Regarding these results, we could clearly demonstrate a correlation between increased distress and conspicuous results as assessed by the EORTC QLQ-30-BN20 questionnaire [17] (Fig. 1) and denote the EORTC to be a reliable screening tool to reflect psychooncological distress in patients with LGG.

The DT is a quick, less time-consuming assessment tool with high sensitivity for distress [33]. However, its specificity results rank lower compared to all EORTC-items but with higher AUC-results (Fig. 2). These results are comparable to previous studies, in which the DT has been described as inferior to HADS [34]. In another study, our workgroup developed a screening algorithm that increases the DT’s sensitivity and specificity but only when including the symptom list [31], which in turn reduces the simplicity of this tool.

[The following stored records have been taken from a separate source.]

(* Let $\{\gamma_n\}_{n\ge1}$ be a deterministic positive sequence with $\sum_k\gamma_k=\infty$, $\sum_k\gamma_k^2<\infty$ and $\log(\gamma_{k-1}/\gamma_k)=o(\gamma_k)$, and let $A$ be a deterministic $d\times d$ Hurwitz matrix. Let $\{x_n\}_{n\ge0}$ be $\mathbb R^d$-valued random variables satisfying $$x_{n+1}=x_n+\gamma_{n+1}Ax_n+\gamma_{n+1}\zeta_{n+1}^{(1)}+\gamma_{n+1}\zeta_{n+1}^{(2)},\qquad n\ge0,$$ where $$\sum_{k=1}^n\gamma_k\Big(\prod_{j=k+1}^{n+1}(\mathrm{Id}+\gamma_jA)\Big)\zeta_k^{(1)}\mathbf 1_{\lim_qx_q=0}=\sqrt{\gamma_n}\,O_{w.p.1}(1)O_{L^2}(1),\qquad |\zeta_n^{(2)}|\mathbf 1_{\lim_qx_q=0}=|x_n|^2\,O_{w.p.1}(1).$$ Then $\gamma_n^{-1}|x_n|^2\mathbf 1_{\lim_qx_q=0}=O_{w.p.1}(1)O_{L^1}(1)$.
   Context: $|\cdot|$ Euclidean norm; $\mathrm{Id}$ identity; a Hurwitz matrix has all eigenvalues with negative real part. $Z_n=O_{w.p.1}(1)$ means $\sup_n|Z_n|<\infty$ a.s.; $O_{L^p}(1)$ means $\sup_n\mathbb E|Z_n|^p<\infty$; a product $O_{w.p.1}(1)O_{L^p}(1)$ denotes $W_n\bar W_n$ with $W_n=O_{w.p.1}(1)$, $\bar W_n=O_{L^p}(1)$. *)

theory Defs
  imports "HOL-Probability.Probability" "HOL-Library.Landau_Symbols"
begin

definition hurwitz :: "real^'d^'d \<Rightarrow> bool" where
  "hurwitz A \<longleftrightarrow>
     (\<forall>z::complex. det (mat z - (\<chi> i j. complex_of_real (A $ i $ j))) = 0 \<longrightarrow> Re z < 0)"

definition mat_prod_range :: "(nat \<Rightarrow> real^'d^'d) \<Rightarrow> nat \<Rightarrow> nat \<Rightarrow> real^'d^'d" where
  "mat_prod_range f m n = foldr (\<lambda>j P. f j ** P) [m..<Suc n] (mat 1)"

definition O_wp1 :: "'a measure \<Rightarrow> (nat \<Rightarrow> 'a \<Rightarrow> real) \<Rightarrow> bool" where
  "O_wp1 M W \<longleftrightarrow> (\<forall>n. W n \<in> borel_measurable M) \<and>
     (AE \<omega> in M. \<exists>B. \<forall>n. \<bar>W n \<omega>\<bar> \<le> B)"

definition O_Lp :: "'a measure \<Rightarrow> real \<Rightarrow> (nat \<Rightarrow> 'a \<Rightarrow> 'b::euclidean_space) \<Rightarrow> bool" where
  "O_Lp M p W \<longleftrightarrow> (\<forall>n. W n \<in> borel_measurable M) \<and>
     (\<exists>C::real. \<forall>n. (\<integral>\<^sup>+ \<omega>. ennreal (norm (W n \<omega>) powr p) \<partial>M) \<le> ennreal C)"

end

theory Submission
  imports Defs "Jordan_Normal_Form.Spectral_Radius"
begin

(*
  Since A is Hurwitz, for a small step h and some \<rho> < 1 the matrix B = (I + hA)/\<rho> has all its
  eigenvalues in the unit disc, hence bounded powers, and sup_k |B^k v| is an equivalent norm in
  which every Euler step v \<mapsto> v + tAv with 0 \<le> t \<le> h contracts by the factor 1 - ct.
  Write x_n = y_n + T_n, where T_n accumulates the first noise through the Euler factors, so that
  (I + \<gamma>_(n+1) A) T_n is the sum in the first noise hypothesis and |T_n|^2 \<le> \<gamma>_n O(1) |V_n|^2,
  V_n being its L^2-bounded factor. On the event x_n \<rightarrow> 0 the quadratic noise is eventually a
  small multiple of |x_n|, so y_n follows a slightly perturbed contracting Euler scheme. Squaring,
  dividing by the step size and using \<gamma>_n / \<gamma>_(n+1) \<le> 1 + (c/4) \<gamma>_(n+1) (from the logarithmic
  condition) gives for q_n = |y_n|^2 / \<gamma>_n the recursion
  q_(n+1) \<le> (1 - (c/2) \<gamma>_(n+1)) q_n + \<gamma>_(n+1) O(1) |V_(n+1)|^2. Comparing with the running average
  R_n of |V_n|^2 with the same damping, whose expectation stays bounded, yields
  |x_n|^2 / \<gamma>_n \<le> C(\<omega>) (1 + R_n + |V_n|^2): a pathwise bounded factor times an L^1-bounded one.
*)

section \<open>Real sequences\<close>

lemma power2_sum_le: "(a + b)\<^sup>2 \<le> 2 * a\<^sup>2 + 2 * (b :: real)\<^sup>2"
proof -
  have "2 * a\<^sup>2 + 2 * b\<^sup>2 - (a + b)\<^sup>2 = (a - b)\<^sup>2" by (simp add: power2_eq_square algebra_simps)
  thus ?thesis by (metis diff_ge_0_iff_ge zero_le_power2)
qed

lemma power2_le_convex_step:
  fixes \<alpha> e e' \<beta> :: real
  assumes "0 < \<alpha>" "\<alpha> \<le> 1" "0 \<le> e'" "e' \<le> (1 - \<alpha>) * e + \<beta>"
  shows "e'\<^sup>2 \<le> (1 - \<alpha>) * e\<^sup>2 + \<beta>\<^sup>2 / \<alpha>"
proof -
  have sq: "e'\<^sup>2 \<le> ((1 - \<alpha>) * e + \<beta>)\<^sup>2"
    using assms by (intro power_mono) auto
  have "\<alpha> * ((1 - \<alpha>) * e\<^sup>2 + \<beta>\<^sup>2 / \<alpha>) - \<alpha> * ((1 - \<alpha>) * e + \<beta>)\<^sup>2 = (1 - \<alpha>) * (\<alpha> * e - \<beta>)\<^sup>2"
    using assms by (simp add: power2_eq_square field_simps)
  moreover have "0 \<le> (1 - \<alpha>) * (\<alpha> * e - \<beta>)\<^sup>2" using assms by simp
  ultimately have "\<alpha> * ((1 - \<alpha>) * e + \<beta>)\<^sup>2 \<le> \<alpha> * ((1 - \<alpha>) * e\<^sup>2 + \<beta>\<^sup>2 / \<alpha>)"
    by linarith
  hence "((1 - \<alpha>) * e + \<beta>)\<^sup>2 \<le> (1 - \<alpha>) * e\<^sup>2 + \<beta>\<^sup>2 / \<alpha>"
    using assms by (simp add: mult_le_cancel_left_pos)
  with sq show ?thesis by linarith
qed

Demand for further psychooncological support in LGG patients

In this study, 22.8% of patients expressed their subjective need for further psychological support. Fischbeck described three-quarters of patients suffering from glioblastoma have a psychosocial treatment demand [12]. Renonvanz reported distress to be the most consistent factor associated with the need for further support in brain tumor patients [32]. In her study, the most abundant unmet needs belonged to the psychological domain. Future uncertainty stood out to be the most frequently reported unmet need in high-grade glioma [32]. Other studies reported higher distress to be associated with higher need for support [15]. Here, two significant factors, cognitive and emotional function, could be correlated to higher distress (Fig. 1) and to a demand for psychosocial support. Cognitive and emotional function deficits are not frequently reported in LGG but can be burdensome and have been shown to be the most striking factor to compromise quality of life [39].

Limitations

Even though this is a prospective study, our patient cohort is quite heterogeneous regarding age, screening time point, and further neurooncological therapy schemes. Patients were screened at different times in the course of their disease independently from their therapy. The impact of radio- or chemotherapy could not be considered because of the patient numbers. In our opinion, this heterogeneity is the most striking limitation but also marks a decisive strength of this data which in the end represents a realistic LGG patient cohort, treated by a neurooncological center.

Another limitation is the WHO classification used in this study. Molecular biomarkers were not available in our patient sample and study; as the data was collected before the WHO classification 2016 was published, we used the WHO classification from 2007. However, we intended to represent all grade II glioma patients regardless of their individual histopathological diagnosis (and molecular markers) to call general attention to the psychosocial distress of all these patients, which, regarding the results of our study, seems to affect not only those with histopathologically known diagnosis but also those without. This leads to the assumption that biological markers might play a secondary role when it comes to psychosocial distress.

Clinical implications

Our data underline that a multimodal therapy concept that includes psychosocial supportive care is necessary for all glioma patients including LGG patients and regular psychological assessment is indispensable. The presence of psychosocial distress, as well as the demand for psychooncological treatment, is present throughout the whole course of the disease and does not seem to be decreased during the time.

Conclusion

In conclusion, our data emphasize the importance of psychosocial assessment in clinical daily routine to offer these patients psychooncological support, address anxiety and depression, and improve HRQoL. However, it does not seem to make a difference if the patient is treated surgically or with a watchful-waiting policy. Hereby, special attention should be directed to those with a history of psychological diseases and psychotropic medication. Chosen EORTC-QLQ-C30-BN20 items are suitable to reflect increased distress if specific assessment tools are missing. They can therefore be used to specifically address those patients with conspicuous screening results to detect the need for further psychosocial support.